Non-disclosure provisions under the new law would also be deemed unenforceable against the employer if the employee reveals sufficient details of the claim so as to make the employer “reasonably identifiable.” The law requires that such settlement agreements that resolve discrimination, retaliation or harassment claims contain a “bold, prominently placed notice” that describes when such a provision would become unenforceable against the employer. The final version of the law that was enacted includes language which specifically states that it shall not be construed to prohibit an employer from requiring certain restrictive covenants or non-disclosure agreement related to proprietary business information.
However, portions of the law seem to portend future litigation. The bill includes a ban on waivers of a substantive or procedural right or remedy relating to claims of discrimination, retaliation, or harassment because such provisions are “against public policy and unenforceable,” and specifically states that no right or remedy under the New Jersey Law Against Discrimination shall be prospectively waived. This appears on its face to raise questions as to the enforceability of arbitration agreements for certain employment related claims. This specific issue was raised in opposition to the bill by the New Jersey Civil Justice Institute. Though the statutory language stops short of an outright ban on arbitration agreements for certain employment related claims, language that is a functional blanket ban on agreements to arbitrate will surely raise preemption issues with the Federal Arbitration Act.
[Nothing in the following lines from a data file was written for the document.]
(* For positive scores $0<s_1\le\dots\le s_n$ and integer budget $B\ge1$, let $\mathbf h=\mathrm{RAS}(s_1,\dots,s_n;B)$. Then among all optimal allocations $\mathbf a\in\arg\min_{\mathbf a\in\mathcal A}\|\mathbf a\odot\mathbf s\|_\infty$, $\mathbf h$ minimizes the cardinality of the set $\arg\max_{i\in[n]}a_is_i$.
   Context: $\mathcal A=\{\mathbf a\in\mathbb N^n:\|\mathbf a\|_1=B\}$ ($\mathbb N$ includes $0$); $\odot$ is the entrywise product and $\mathbf e_i$ the $i$-th unit vector. RAS$(s_1,\dots,s_n;B)$ with sorted scores $s_1\le\dots\le s_n$: if $B=1$ return $\mathbf e_1$. Otherwise let $\mathbf a=\mathrm{RAS}(s_1,\dots,s_n;B-1)$; let $r=\min\{i:a_i=0\}$ if $a_n=0$, else $r=n$; let $M=\arg\min_{i\in[r]}\|(\mathbf a+\mathbf e_i)\odot\mathbf s\|_\infty$; choose any $j\in M$ minimizing the cardinality of $\arg\max_{i\in[r]}(a_i+e_{j,i})s_i$; return $\mathbf a+\mathbf e_j$. *)

theory Defs
  imports Complex_Main
begin

text \<open>Vectors in N^n / R^n are functions on nat, indices 1..n.
  Allocations are zero outside {1..n}.\<close>

definition unitv :: "nat \<Rightarrow> nat \<Rightarrow> nat" where
  "unitv j = (\<lambda>i. if i = j then 1 else 0)"

definition allocs :: "nat \<Rightarrow> nat \<Rightarrow> (nat \<Rightarrow> nat) set" where
  "allocs n B = {a. (\<forall>i. i \<notin> {1..n} \<longrightarrow> a i = 0) \<and> (\<Sum>i\<in>{1..n}. a i) = B}"

definition wnorm :: "nat set \<Rightarrow> (nat \<Rightarrow> real) \<Rightarrow> (nat \<Rightarrow> nat) \<Rightarrow> real" where
  "wnorm I s a = Max ((\<lambda>i. \<bar>real (a i) * s i\<bar>) ` I)"

definition argmax_set :: "nat set \<Rightarrow> (nat \<Rightarrow> real) \<Rightarrow> (nat \<Rightarrow> nat) \<Rightarrow> nat set" where
  "argmax_set I s a = {i \<in> I. \<forall>k\<in>I. real (a k) * s k \<le> real (a i) * s i}"

text \<open>RAS is nondeterministic (ties are broken arbitrarily), so it is modelled as a
  relation: ras s n B h means h is a possible output of RAS(s_1..s_n; B).\<close>
inductive ras :: "(nat \<Rightarrow> real) \<Rightarrow> nat \<Rightarrow> nat \<Rightarrow> (nat \<Rightarrow> nat) \<Rightarrow> bool"
  for s :: "nat \<Rightarrow> real" and n :: nat where
  base: "ras s n 1 (unitv 1)"
| step: "\<lbrakk> ras s n B a;
           r = (if a n = 0 then (LEAST i. 1 \<le> i \<and> a i = 0) else n);
           M = {j \<in> {1..r}. \<forall>k\<in>{1..r}. wnorm {1..n} s (\<lambda>i. a i + unitv j i)
                                         \<le> wnorm {1..n} s (\<lambda>i. a i + unitv k i)};
           j \<in> M;
           \<forall>k\<in>M. card (argmax_set {1..r} s (\<lambda>i. a i + unitv j i))
                  \<le> card (argmax_set {1..r} s (\<lambda>i. a i + unitv k i)) \<rbrakk>
         \<Longrightarrow> ras s n (Suc B) (\<lambda>i. a i + unitv j i)"

end

theory Submission
  imports Defs
begin

text \<open>Call an allocation \<open>h\<close> levelled if raising any single entry by one would reach the
  current maximum \<open>V = \<parallel>h \<odot> s\<parallel>\<^sub>\<infinity>\<close>; this is an invariant of the greedy step of RAS.
  A levelled \<open>h\<close> is optimal, since an allocation \<open>b\<close> with smaller maximum has \<open>b\<^sub>i \<le> h\<^sub>i\<close>
  everywhere and \<open>b\<^sub>i < h\<^sub>i\<close> at a maximiser of \<open>h\<close>. For an optimal \<open>b\<close> one gets entrywise
  \<open>b\<^sub>i - h\<^sub>i \<le> [i \<in> argmax b] - [i \<in> argmax h]\<close>; summing over \<open>i\<close> with equal budgets
  yields \<open>|argmax h| \<le> |argmax b|\<close>.\<close>

definition levelled :: "nat set \<Rightarrow> (nat \<Rightarrow> real) \<Rightarrow> (nat \<Rightarrow> nat) \<Rightarrow> bool" where
  "levelled I s h \<longleftrightarrow> (\<forall>i\<in>I. wnorm I s h \<le> (real (h i) + 1) * s i)"

lemma wnorm_ge_entry:
  assumes "finite I" "i \<in> I" "0 \<le> s i"
  shows "real (a i) * s i \<le> wnorm I s a"
proof -
  have "\<bar>real (a i) * s i\<bar> \<le> wnorm I s a"
    unfolding wnorm_def using assms(1,2) by (intro Max_ge finite_imageI imageI)
  then show ?thesis using assms(3) by simp
qed

lemma wnorm_le:
  assumes "finite I" "I \<noteq> {}" "\<And>i. i \<in> I \<Longrightarrow> \<bar>real (a i) * s i\<bar> \<le> X"
  shows "wnorm I s a \<le> X"
  unfolding wnorm_def using assms by (subst Max_le_iff) auto

lemma wnorm_attained:
  assumes "finite I" "I \<noteq> {}" "\<forall>i\<in>I. 0 \<le> s i"
  obtains i where "i \<in> I" "wnorm I s a = real (a i) * s i"
proof -
  have "wnorm I s a \<in> (\<lambda>i. \<bar>real (a i) * s i\<bar>) ` I"
    unfolding wnorm_def using assms by (intro Max_in) auto
  then show ?thesis using that assms(3) by fastforce
qed

lemma argmax_set_eq_wnorm:
  assumes "finite I" "I \<noteq> {}" "\<forall>i\<in>I. 0 \<le> s i"
  shows "argmax_set I s a = {i\<in>I. real (a i) * s i = wnorm I s a}"
proof -
  have "i \<in> argmax_set I s a \<longleftrightarrow> real (a i) * s i = wnorm I s a" if "i \<in> I" for i
  proof
    assume "i \<in> argmax_set I s a"
    then have "wnorm I s a \<le> real (a i) * s i"
      using assms unfolding argmax_set_def by (intro wnorm_le) auto
    then show "real (a i) * s i = wnorm I s a"
      using wnorm_ge_entry[of I i s a] assms that by auto
  next
    assume "real (a i) * s i = wnorm I s a"
    then show "i \<in> argmax_set I s a"
      using wnorm_ge_entry[of I _ s a] assms that unfolding argmax_set_def by auto
  qed
  then show ?thesis unfolding argmax_set_def by blast
qed

lemma levelled_entry_le:
  assumes "levelled I s h" "i \<in> I" "0 < s i" "real (b i) * s i < wnorm I s h"
  shows "b i \<le> h i"
proof -
  have "wnorm I s h \<le> (real (h i) + 1) * s i"
    using assms(1,2) unfolding levelled_def by blast
  then have "real (b i) * s i < (real (h i) + 1) * s i"
    using assms(4) by linarith
  then have "real (b i) < real (h i) + 1"
    using assms(3) by (simp add: mult_less_cancel_right_pos)
  then show ?thesis by linarith
qed

lemma levelled_minimises_wnorm:
  assumes "finite I" "I \<noteq> {}" "\<forall>i\<in>I. 0 < s i" "levelled I s h"
    and "(\<Sum>i\<in>I. b i) = (\<Sum>i\<in>I. h i)"
  shows "wnorm I s h \<le> wnorm I s b"
proof (rule ccontr)
  assume "\<not> ?thesis"
  then have less: "wnorm I s b < wnorm I s h" by simp
  have below: "real (b i) * s i < wnorm I s h" if "i \<in> I" for i
    using wnorm_ge_entry[of I i s b] assms(1,3) that less by force
  obtain i0 where i0: "i0 \<in> I" "wnorm I s h = real (h i0) * s i0"
    using wnorm_attained assms(1-3) less_imp_le by metis
  have "b i0 < h i0"
    using below[OF i0(1)] i0 assms(3) by (simp add: mult_less_cancel_right_pos)
  moreover have "\<forall>i\<in>I. b i \<le> h i"
    using levelled_entry_le[OF assms(4)] below assms(3) by blast
  ultimately have "(\<Sum>i\<in>I. b i) < (\<Sum>i\<in>I. h i)"
    using i0(1) assms(1) by (intro sum_strict_mono_ex1) auto
  then show False using assms(5) by simp
qed

lemma levelled_entry_diff_le:
  assumes "finite I" "\<forall>i\<in>I. 0 < s i" "levelled I s h" "wnorm I s b = wnorm I s h" "i \<in> I"
  shows "real (b i) - real (h i)
           \<le> of_bool (i \<in> argmax_set I s b) - of_bool (i \<in> argmax_set I s h)"
proof -
  let ?V = "wnorm I s h"
  have si: "0 < s i" using assms by auto
  have argmax: "argmax_set I s c = {i\<in>I. real (c i) * s i = wnorm I s c}" for c
    using assms(1,2,5) by (intro argmax_set_eq_wnorm) (auto simp: less_imp_le)
  have b_le: "real (b i) * s i \<le> ?V"
    using wnorm_ge_entry[of I i s b] assms si by simp
  have "real (b i) * s i \<le> (real (h i) + 1) * s i"
    using b_le assms(3,5) unfolding levelled_def by fastforce
  then have "b i \<le> h i + 1" using si by (simp add: mult_le_cancel_right_pos)
  moreover have "b i \<le> h i" if "i \<notin> argmax_set I s b"
    using that b_le argmax assms si by (intro levelled_entry_le[OF assms(3)]) auto
  moreover have "b i < h i" if "i \<in> argmax_set I s h" "i \<notin> argmax_set I s b"
  proof -
    have "real (b i) * s i < real (h i) * s i" using that b_le argmax assms(4,5) by auto
    then show ?thesis using si by (simp add: mult_less_cancel_right_pos)
  qed
  moreover have "b i \<le> h i" if "i \<in> argmax_set I s h"
  proof -
    have "real (b i) * s i \<le> real (h i) * s i" using that b_le argmax by auto
    then show ?thesis using si by (simp add: mult_le_cancel_right_pos)
  qed
  ultimately show ?thesis by (cases "i \<in> argmax_set I s b"; cases "i \<in> argmax_set I s h") auto
qed

lemma levelled_minimises_card_argmax:
  assumes "finite I" "\<forall>i\<in>I. 0 < s i" "levelled I s h"
    and "(\<Sum>i\<in>I. b i) = (\<Sum>i\<in>I. h i)" "wnorm I s b = wnorm I s h"
  shows "card (argmax_set I s h) \<le> card (argmax_set I s b)"
proof -
  have subset: "argmax_set I s c \<subseteq> I" for c unfolding argmax_set_def by auto
  have "0 = (\<Sum>i\<in>I. real (b i) - real (h i))"
    using assms(4) by (simp add: sum_subtractf flip: of_nat_sum)
  also have "\<dots> \<le> (\<Sum>i\<in>I. of_bool (i \<in> argmax_set I s b) - of_bool (i \<in> argmax_set I s h))"
    using levelled_entry_diff_le[OF assms(1-3,5)] by (intro sum_mono)
  also have "\<dots> = real (card (argmax_set I s b)) - real (card (argmax_set I s h))"
    using assms(1) subset by (simp add: sum_subtractf Int_absorb1 Int_def[symmetric])
  finally show ?thesis by linarith
qed

lemma allocs_add_unitv:
  assumes "a \<in> allocs n B" "j \<in> {1..n}"
  shows "(\<lambda>i. a i + unitv j i) \<in> allocs n (Suc B)"
  using assms unfolding allocs_def by (auto simp: sum.distrib unitv_def)

lemma wnorm_add_unitv_le:
  assumes "finite I" "I \<noteq> {}" "\<forall>i\<in>I. 0 < s i" "levelled I s a" "k \<in> I"
  shows "wnorm I s (\<lambda>i. a i + unitv k i) \<le> (real (a k) + 1) * s k"
proof (rule wnorm_le[OF assms(1,2)])
  fix i assume i: "i \<in> I"
  show "\<bar>real (a i + unitv k i) * s i\<bar> \<le> (real (a k) + 1) * s k"
  proof (cases "i = k")
    case True
    have "0 < s k" using assms(3,5) by blast
    then show ?thesis using True by (simp add: unitv_def abs_mult)
  next
    case False
    have "0 < s i" using assms(3) i by blast
    moreover have "real (a i) * s i \<le> wnorm I s a"
      using assms(1,3) i by (intro wnorm_ge_entry) auto
    moreover have "wnorm I s a \<le> (real (a k) + 1) * s k"
      using assms(4,5) unfolding levelled_def by blast
    ultimately show ?thesis using False by (simp add: unitv_def)
  qed
qed

lemma ras_prefix_end:
  fixes a :: "nat \<Rightarrow> nat"
  assumes "n \<ge> 1" "r = (if a n = 0 then (LEAST i. 1 \<le> i \<and> a i = 0) else n)"
  shows "r \<in> {1..n} \<and> (r < n \<longrightarrow> a r = 0)"
proof (cases "a n = 0")
  case True
  let ?P = "\<lambda>i. 1 \<le> i \<and> a i = 0"
  have "r = (LEAST i. ?P i)" using True assms(2) by simp
  moreover have "?P n" using True assms(1) by simp
  ultimately have "?P r" "r \<le> n" using LeastI[of ?P n] Least_le[of ?P n] by auto
  then show ?thesis by auto
qed (use assms in auto)

text \<open>For entries inside the prefix the greedy choice is at least as good as incrementing that
  entry; beyond the prefix, compare with incrementing the zero entry \<open>r\<close>, whose score is smaller.\<close>

lemma levelled_greedy_step:
  assumes pos: "\<forall>i\<in>{1..n}. 0 < s i"
    and mono: "\<forall>i j. 1 \<le> i \<and> i \<le> j \<and> j \<le> n \<longrightarrow> s i \<le> s j"
    and lev: "levelled {1..n} s a"
    and r: "r \<in> {1..n}" "r < n \<longrightarrow> a r = 0"
    and j: "j \<in> {1..r}"
    and greedy: "\<forall>k\<in>{1..r}. wnorm {1..n} s (\<lambda>i. a i + unitv j i)
                               \<le> wnorm {1..n} s (\<lambda>i. a i + unitv k i)"
  shows "levelled {1..n} s (\<lambda>i. a i + unitv j i)"
  unfolding levelled_def
proof
  fix i assume i: "i \<in> {1..n}"
  have si: "0 < s i" using pos i by blast
  let ?W = "wnorm {1..n} s (\<lambda>i. a i + unitv j i)"
  have incr: "wnorm {1..n} s (\<lambda>i. a i + unitv k i) \<le> (real (a k) + 1) * s k"
    if "k \<in> {1..n}" for k
    using pos lev that by (intro wnorm_add_unitv_le) auto
  have "?W \<le> (real (a i) + 1) * s i"
  proof (cases "i \<le> r")
    case True
    then show ?thesis using greedy incr[OF i] i by (meson atLeastAtMost_iff order_trans)
  next
    case False
    have "?W \<le> (real (a r) + 1) * s r"
      using greedy incr r by (meson atLeastAtMost_iff order_refl order_trans)
    also have "\<dots> \<le> s i" using False r i mono by auto
    also have "\<dots> \<le> (real (a i) + 1) * s i" using si by simp
    finally show ?thesis .
  qed
  also have "\<dots> \<le> (real (a i + unitv j i) + 1) * s i"
    using si by (intro mult_right_mono) auto
  finally show "?W \<le> (real (a i + unitv j i) + 1) * s i" .
qed

lemma ras_levelled_alloc:
  assumes "n \<ge> 1"
    and pos: "\<forall>i\<in>{1..n}. 0 < s i"
    and mono: "\<forall>i j. 1 \<le> i \<and> i \<le> j \<and> j \<le> n \<longrightarrow> s i \<le> s j"
    and "ras s n B h"
  shows "h \<in> allocs n B \<and> levelled {1..n} s h"
  using assms(4)
proof (induction rule: ras.induct)
  case base
  have "0 < s 1" using assms(1) pos by simp
  then have "wnorm {1..n} s (unitv 1) \<le> s 1"
    using assms(1) by (intro wnorm_le) (auto simp: unitv_def)
  moreover have "s 1 \<le> (real (unitv 1 i) + 1) * s i" if i: "i \<in> {1..n}" for i
  proof -
    have "s 1 \<le> s i" using mono i by simp
    also have "\<dots> \<le> (real (unitv 1 i) + 1) * s i"
      using pos i mult_right_mono[of 1 "real (unitv 1 i) + 1" "s i"] by simp
    finally show ?thesis .
  qed
  moreover have "unitv 1 \<in> allocs n 1"
    using assms(1) unfolding allocs_def unitv_def by (auto simp: sum.delta)
  ultimately show ?case unfolding levelled_def by (meson order_trans)
next
  case (step B a r M j)
  have r: "r \<in> {1..n}" "r < n \<longrightarrow> a r = 0"
    using ras_prefix_end[OF assms(1) step.hyps(2)] by auto
  have j: "j \<in> {1..r}"
    and greedy: "\<forall>k\<in>{1..r}. wnorm {1..n} s (\<lambda>i. a i + unitv j i)
                              \<le> wnorm {1..n} s (\<lambda>i. a i + unitv k i)"
    using step.hyps(3,4) by auto
  have "(\<lambda>i. a i + unitv j i) \<in> allocs n (Suc B)"
    using step.IH j r by (intro allocs_add_unitv) auto
  moreover have "levelled {1..n} s (\<lambda>i. a i + unitv j i)"
    using step.IH r j greedy by (intro levelled_greedy_step[OF pos mono]) auto
  ultimately show ?case by simp
qed

theorem lemmaC3:
  fixes s :: "nat \<Rightarrow> real" and n B :: nat and h :: "nat \<Rightarrow> nat"
  assumes "n \<ge> 1"
    and "\<forall>i\<in>{1..n}. 0 < s i"
    and "\<forall>i j. 1 \<le> i \<and> i \<le> j \<and> j \<le> n \<longrightarrow> s i \<le> s j"
    and "B \<ge> 1"
    and "ras s n B h"
  shows "h \<in> allocs n B
         \<and> (\<forall>a\<in>allocs n B. wnorm {1..n} s h \<le> wnorm {1..n} s a)
         \<and> (\<forall>a\<in>allocs n B. (\<forall>b\<in>allocs n B. wnorm {1..n} s a \<le> wnorm {1..n} s b)
              \<longrightarrow> card (argmax_set {1..n} s h) \<le> card (argmax_set {1..n} s a))"
proof -
  have h: "h \<in> allocs n B" and lev: "levelled {1..n} s h"
    using ras_levelled_alloc[OF assms(1,2,3,5)] by auto
  have budget: "(\<Sum>i\<in>{1..n}. a i) = (\<Sum>i\<in>{1..n}. h i)" if "a \<in> allocs n B" for a
    using that h unfolding allocs_def by simp
  have opt: "wnorm {1..n} s h \<le> wnorm {1..n} s a" if "a \<in> allocs n B" for a
    using assms(1,2) lev budget[OF that] by (intro levelled_minimises_wnorm) auto
  have "card (argmax_set {1..n} s h) \<le> card (argmax_set {1..n} s a)"
    if a: "a \<in> allocs n B" and a_opt: "\<forall>b\<in>allocs n B. wnorm {1..n} s a \<le> wnorm {1..n} s b" for a
  proof (rule levelled_minimises_card_argmax)
    show "wnorm {1..n} s a = wnorm {1..n} s h"
      using a_opt h opt[OF a] by (simp add: order_antisym)
  qed (use assms(2) lev budget[OF a] in auto)
  then show ?thesis using h opt by blast
qed

end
The law provides for costs and attorneys’ fees to the prevailing plaintiff if an employer enforces or attempts to enforce a provision deemed against public policy, which include both the non-disclosure provisions as well as the waiver of a substantive or procedural right or remedy. It also contains protections from retaliation, such as an adverse employment action because an employee or prospective employee refuses to sign an agreement which contains a provision deemed against public policy.
Potential litigation aside, employers in New Jersey must now act swiftly to adjust their practices to conform with the new law. Given the recent Third Circuit decision musing about the consequences of the #MeToo movement on the Faragher-Ellerth defense, employers must keep up with the quickly changing requirements of addressing sexual harassment in the workplace.